Publication | Open Access
Wireless battery-free wearable sweat sensor powered by human motion
591
Citations
47
References
2020
Year
Wireless wearable sweat biosensors promise noninvasive health monitoring, yet their high energy demands make continuous use difficult; harvesting power from human motion is attractive but current harvesters are complex, fragile, and low‑power, limiting their practicality. The authors aim to develop a battery‑free, mass‑producible wearable platform that harvests power from body motion. This platform uses a flexible printed circuit board–based freestanding triboelectric nanogenerator to efficiently convert motion into electrical energy. The engineered FTENG delivers ~416 mW m⁻², enabling a fully battery‑free system that powers multiplexed sweat biosensors and wirelessly transmits data via Bluetooth during on‑body trials.

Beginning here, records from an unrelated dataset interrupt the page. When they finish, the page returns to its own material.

(* Let $q\in\{2,4\}$, let $n,\kappa,d$ be positive integers with $1\le\kappa<n$, let $\ell=\lceil\log_q 2(n-\kappa+1)\rceil$, and assume $n-\kappa-1\ge 2\ell$. Then there exists a $\kappa$-WMU code $\mathcal{C}\subseteq\mathbb{F}_q^n$ with minimum Hamming distance $d$ and \[ |\mathcal{C}|\ge c_q\,\frac{q^n}{(n-\kappa+1)(\mathcal{L}_0-\mathcal{L}_1-\mathcal{L}_2)},\qquad c_q=\frac{(q-1)^2(2q-1)}{4q^4}, \] where \[ \mathcal{L}_0=\mathcal{V}_q(n-\ell-1,d-1)+(q-2)\mathcal{V}_q(n-\ell-1,d-2), \] \[ \mathcal{L}_1=(q-1)\sum_{i=\ell+2}^{n-\kappa-\ell+1}\sum_{j=0}^{i-\ell-2}\binom{i-\ell-2}{j}(q-2)^j\,\mathcal{V}_q(n-i-\ell+1,d-\ell-j-2), \] \[ \mathcal{L}_2=\sum_{i=0}^{n-\kappa-\ell}\binom{n-\kappa-\ell}{i}(q-2)^i\,\mathcal{V}_q(\kappa-1,d-i-2). \]
   Context: $\mathbb{F}_q$ is the finite field with $q$ elements. $\mathcal{V}_q(m,r)=\sum_{i=0}^{r}\binom{m}{i}(q-1)^i$ is the size of a Hamming ball of radius $r$ in $\mathbb{F}_q^m$ (an empty sum, i.e. $r<0$, equals $0$); $0^0=1$. A code $\mathcal{C}\subseteq\mathbb{F}_q^n$ is $\kappa$-WMU ($1\le\kappa<n$) if for all not necessarily distinct $\mathbf{a},\mathbf{b}\in\mathcal{C}$ and all $\kappa\le l<n$, $(a_1,\dots,a_l)\ne(b_{n-l+1},\dots,b_n)$. The minimum Hamming distance of a code is the least number of coordinates in which two distinct codewords differ. *)

theory Defs
  imports Complex_Main
begin

text \<open>Words of \<open>\<bbbF>\<^sub>q\<^sup>n\<close> are lists of length n over a finite field type.\<close>

definition hamming_dist :: "'a list \<Rightarrow> 'a list \<Rightarrow> nat" where
  "hamming_dist a b = card {i. i < length a \<and> a ! i \<noteq> b ! i}"

definition min_dist_ge :: "'a list set \<Rightarrow> nat \<Rightarrow> bool" where
  "min_dist_ge C d \<longleftrightarrow> (\<forall>a\<in>C. \<forall>b\<in>C. a \<noteq> b \<longrightarrow> d \<le> hamming_dist a b)"

definition is_WMU :: "nat \<Rightarrow> nat \<Rightarrow> 'a list set \<Rightarrow> bool" where
  "is_WMU \<kappa> n C \<longleftrightarrow> (\<forall>a\<in>C. \<forall>b\<in>C. \<forall>l. \<kappa> \<le> l \<and> l < n \<longrightarrow> take l a \<noteq> drop (n - l) b)"

definition vol :: "nat \<Rightarrow> nat \<Rightarrow> int \<Rightarrow> real" where
  "vol q m r = (if r < 0 then 0 else (\<Sum>i=0..nat r. real (m choose i) * (real q - 1) ^ i))"

end

(* The code is taken inside the set S of words that begin with a marker 0^l c (c nonzero), are
   nonzero at position n - kappa and contain no run of l zeros strictly between the marker and
   that position. If a prefix of a in S of length at least kappa were a suffix of b in S, the
   nonzero symbol of b at position n - kappa would force the l zeros of the marker of a to
   appear in b before that position, either as a forbidden run or over the nonzero symbol of
   the marker of b; so S and all its subsets are kappa-WMU.

   A maximal subset of S with minimum distance d covers S by balls of radius d - 1, hence has at
   least |S| / D elements when every such ball contains at most D words of S. Around x in S, the
   marked words at distance less than d number at most L0; two explicit disjoint families of them
   lie outside S: words whose first run of l zeros after the marker starts at position i - 1 (L1)
   and words without such a run that vanish at position n - kappa (L2). Between the marker and
   the run, these words agree with x or carry a nonzero symbol, so they have no runs of zeros
   that x lacks. Finally |S| >= (q-1)^2 q^(n-l-2) - (n-kappa-2l) (q-1)^2 q^(n-2l-2), which the
   choice q^l ~ 2 (n - kappa + 1) turns into c_q q^n / (n - kappa + 1). *)

theory Submission
  imports Defs "HOL-Library.Cardinality"
begin

lemma hamming_dist_conv_filter:
  "length a = length b \<Longrightarrow> hamming_dist a b = length (filter (\<lambda>(u, v). u \<noteq> v) (zip a b))"
  by (auto simp: hamming_dist_def length_filter_conv_card intro!: arg_cong[where f = card])

lemma hamming_dist_append:
  "length a = length b \<Longrightarrow> length c = length e \<Longrightarrow>
   hamming_dist (a @ c) (b @ e) = hamming_dist a b + hamming_dist c e"
  by (simp add: hamming_dist_conv_filter)

lemma hamming_dist_le_length: "hamming_dist a b \<le> length a"
  unfolding hamming_dist_def by (rule card_mono[of "{..<length a}", simplified]) auto

lemma hamming_dist_self [simp]: "hamming_dist a a = 0"
  by (simp add: hamming_dist_def)

lemma hamming_dist_commute: "length a = length b \<Longrightarrow> hamming_dist a b = hamming_dist b a"
  unfolding hamming_dist_def by metis

lemma hamming_dist_Cons:
  "length c = length e \<Longrightarrow> hamming_dist (a # c) (b # e) = (if a = b then 0 else 1) + hamming_dist c e"
  by (simp add: hamming_dist_conv_filter)

lemma hamming_dist_split:
  "length x = length y + length z \<Longrightarrow>
   hamming_dist x (y @ z) = hamming_dist (take (length y) x) y + hamming_dist (drop (length y) x) z"
  using hamming_dist_append[of "take (length y) x" y "drop (length y) x" z] by simp
lemma sum_path_weight_exp_le:
  assumes "\<And>h j. 0 \<le> \<kappa> h j" "\<And>h. length h < n \<Longrightarrow> (\<Sum>j<K. \<kappa> h j * exp (Y h j)) \<le> 1"
  shows "(\<Sum>H\<in>histories K n. path_weight \<kappa> H * exp (path_sum Y H)) \<le> 1"
  using assms(2)
proof (induction n)
  case (Suc n)
  have "(\<Sum>H\<in>histories K (Suc n). path_weight \<kappa> H * exp (path_sum Y H))
      = (\<Sum>h\<in>histories K n. path_weight \<kappa> h * exp (path_sum Y h) * (\<Sum>j<K. \<kappa> h j * exp (Y h j)))"
    by (simp add: sum_histories_Suc exp_add sum_distrib_left algebra_simps)
  also have "\<dots> \<le> (\<Sum>h\<in>histories K n. path_weight \<kappa> h * exp (path_sum Y h) * 1)"
    using Suc.prems path_weight_nonneg[OF assms(1)]
    by (intro sum_mono mult_left_mono) (auto simp: histories_def)
  also have "\<dots> \<le> 1"
    using Suc by simp
  finally show ?case .
qed (simp add: histories_0)

lemma hist_prob_path_sum_ge_le:
  assumes "\<And>h j. 0 \<le> \<kappa> h j" "\<And>h. length h < n \<Longrightarrow> (\<Sum>j<K. \<kappa> h j * exp (Y h j)) \<le> 1"
  shows "hist_prob K n (path_weight \<kappa>) (\<lambda>H. c \<le> path_sum Y H) \<le> exp (- c)"
proof -
  have "hist_prob K n (path_weight \<kappa>) (\<lambda>H. c \<le> path_sum Y H)
      \<le> (\<Sum>H\<in>histories K n. exp (- c) * (path_weight \<kappa> H * exp (path_sum Y H)))"
    unfolding hist_prob_eq
  proof (intro sum_mono)
    fix H
    have "path_weight \<kappa> H * (if c \<le> path_sum Y H then 1 else 0)
        \<le> path_weight \<kappa> H * (exp (- c) * exp (path_sum Y H))"
      using path_weight_nonneg[OF assms(1)] by (intro mult_left_mono) (simp_all flip: exp_add)
    then show "path_weight \<kappa> H * (if c \<le> path_sum Y H then 1 else 0)
        \<le> exp (- c) * (path_weight \<kappa> H * exp (path_sum Y H))"
      by (simp add: ac_simps)
  qed
  also have "\<dots> \<le> exp (- c)"
    using sum_path_weight_exp_le[OF assms] by (simp add: flip: sum_distrib_left)
  finally show ?thesis .
qed

lemma hist_prob_mono:
  assumes "\<And>H. 0 \<le> w H" "\<And>H. length H = n \<Longrightarrow> w H \<noteq> 0 \<Longrightarrow> P H \<Longrightarrow> Q H"
  shows "hist_prob K n w P \<le> hist_prob K n w Q"
  unfolding hist_prob_eq
proof (intro sum_mono)
  fix H assume "H \<in> histories K n"
  then show "w H * (if P H then 1 else 0) \<le> w H * (if Q H then 1 else 0)"
    using assms(1)[of H] assms(2)[of H] unfolding histories_def by (cases "w H = 0") auto
qed

lemma hist_prob_disj_le:
  assumes "\<And>H. 0 \<le> w H"
  shows "hist_prob K n w (\<lambda>H. P H \<or> Q H) \<le> hist_prob K n w P + hist_prob K n w Q"
  unfolding hist_prob_eq sum.distrib[symmetric] using assms by (intro sum_mono) auto

lemma hist_prob_Bex_le:
  assumes "\<And>H. 0 \<le> w H" "finite B"
  shows "hist_prob K n w (\<lambda>H. \<exists>b\<in>B. P b H) \<le> (\<Sum>b\<in>B. hist_prob K n w (P b))"
  using assms(2)
proof (induction B rule: finite_induct)
  case (insert b B)
  have "hist_prob K n w (\<lambda>H. \<exists>b'\<in>insert b B. P b' H)
      \<le> hist_prob K n w (P b) + hist_prob K n w (\<lambda>H. \<exists>b'\<in>B. P b' H)"
    using hist_prob_disj_le[OF assms(1)] by simp
  then show ?case
    using insert by simp
qed (simp add: hist_prob_eq)

lemma hist_prob_not:
  assumes "(\<Sum>H\<in>histories K n. w H) = 1"
  shows "hist_prob K n w (\<lambda>H. \<not> P H) = 1 - hist_prob K n w P"
proof -
  have "(\<Sum>H\<in>histories K n. w H * (if \<not> P H then 1 else 0))
      = (\<Sum>H\<in>histories K n. w H - w H * (if P H then 1 else 0))"
    by (intro sum.cong) auto
  then show ?thesis
    unfolding hist_prob_eq using assms by (simp add: sum_subtractf)
qed

section \<open>The FTARL run\<close>

locale ftarl_run = tsallis_simplex a K for a K +
  fixes eta gamma :: "nat \<Rightarrow> real" and Act :: "nat list \<Rightarrow> nat set"
    and loss :: "nat list \<Rightarrow> nat \<Rightarrow> real"
  assumes eta_pos: "\<And>t. 1 \<le> t \<Longrightarrow> 0 < eta t"
    and gamma_pos: "\<And>t. 1 \<le> t \<Longrightarrow> 0 < gamma t"
    and eta_decreasing: "\<And>t. 1 \<le> t \<Longrightarrow> eta (Suc t) \<le> eta t"
    and gamma_decreasing: "\<And>t. 1 \<le> t \<Longrightarrow> gamma (Suc t) \<le> gamma t"
    and eta_le_gamma: "\<And>t. 1 \<le> t \<Longrightarrow> eta t \<le> 2 * gamma t"
    and Act_subset: "\<And>h. Act h \<subseteq> {..<K}"
    and Act_nonempty: "\<And>h. Act h \<noteq> {}"
    and loss_nonneg: "\<And>h i. i < K \<Longrightarrow> 0 \<le> loss h i"
    and loss_le_one: "\<And>h i. i < K \<Longrightarrow> loss h i \<le> 1"
begin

Wireless wearable sweat biosensors have gained huge traction due to their potential for noninvasive health monitoring. As high energy consumption is a crucial challenge in this field, efficient energy harvesting from human motion represents an attractive approach to sustainably power future wearables. Despite intensive research activities, most wearable energy harvesters suffer from complex fabrication procedures, poor robustness, and low power density, making them unsuitable for continuous biosensing. Here, we propose a highly robust, mass-producible, and battery-free wearable platform that efficiently extracts power from body motion through a flexible printed circuit board (FPCB)-based freestanding triboelectric nanogenerator (FTENG). The judiciously engineered FTENG displays a high power output of ~416 mW m-2 Through seamless system integration and efficient power management, we demonstrate a battery-free triboelectrically driven system that is able to power multiplexed sweat biosensors and wirelessly transmit data to the user interfaces through Bluetooth during on-body human trials.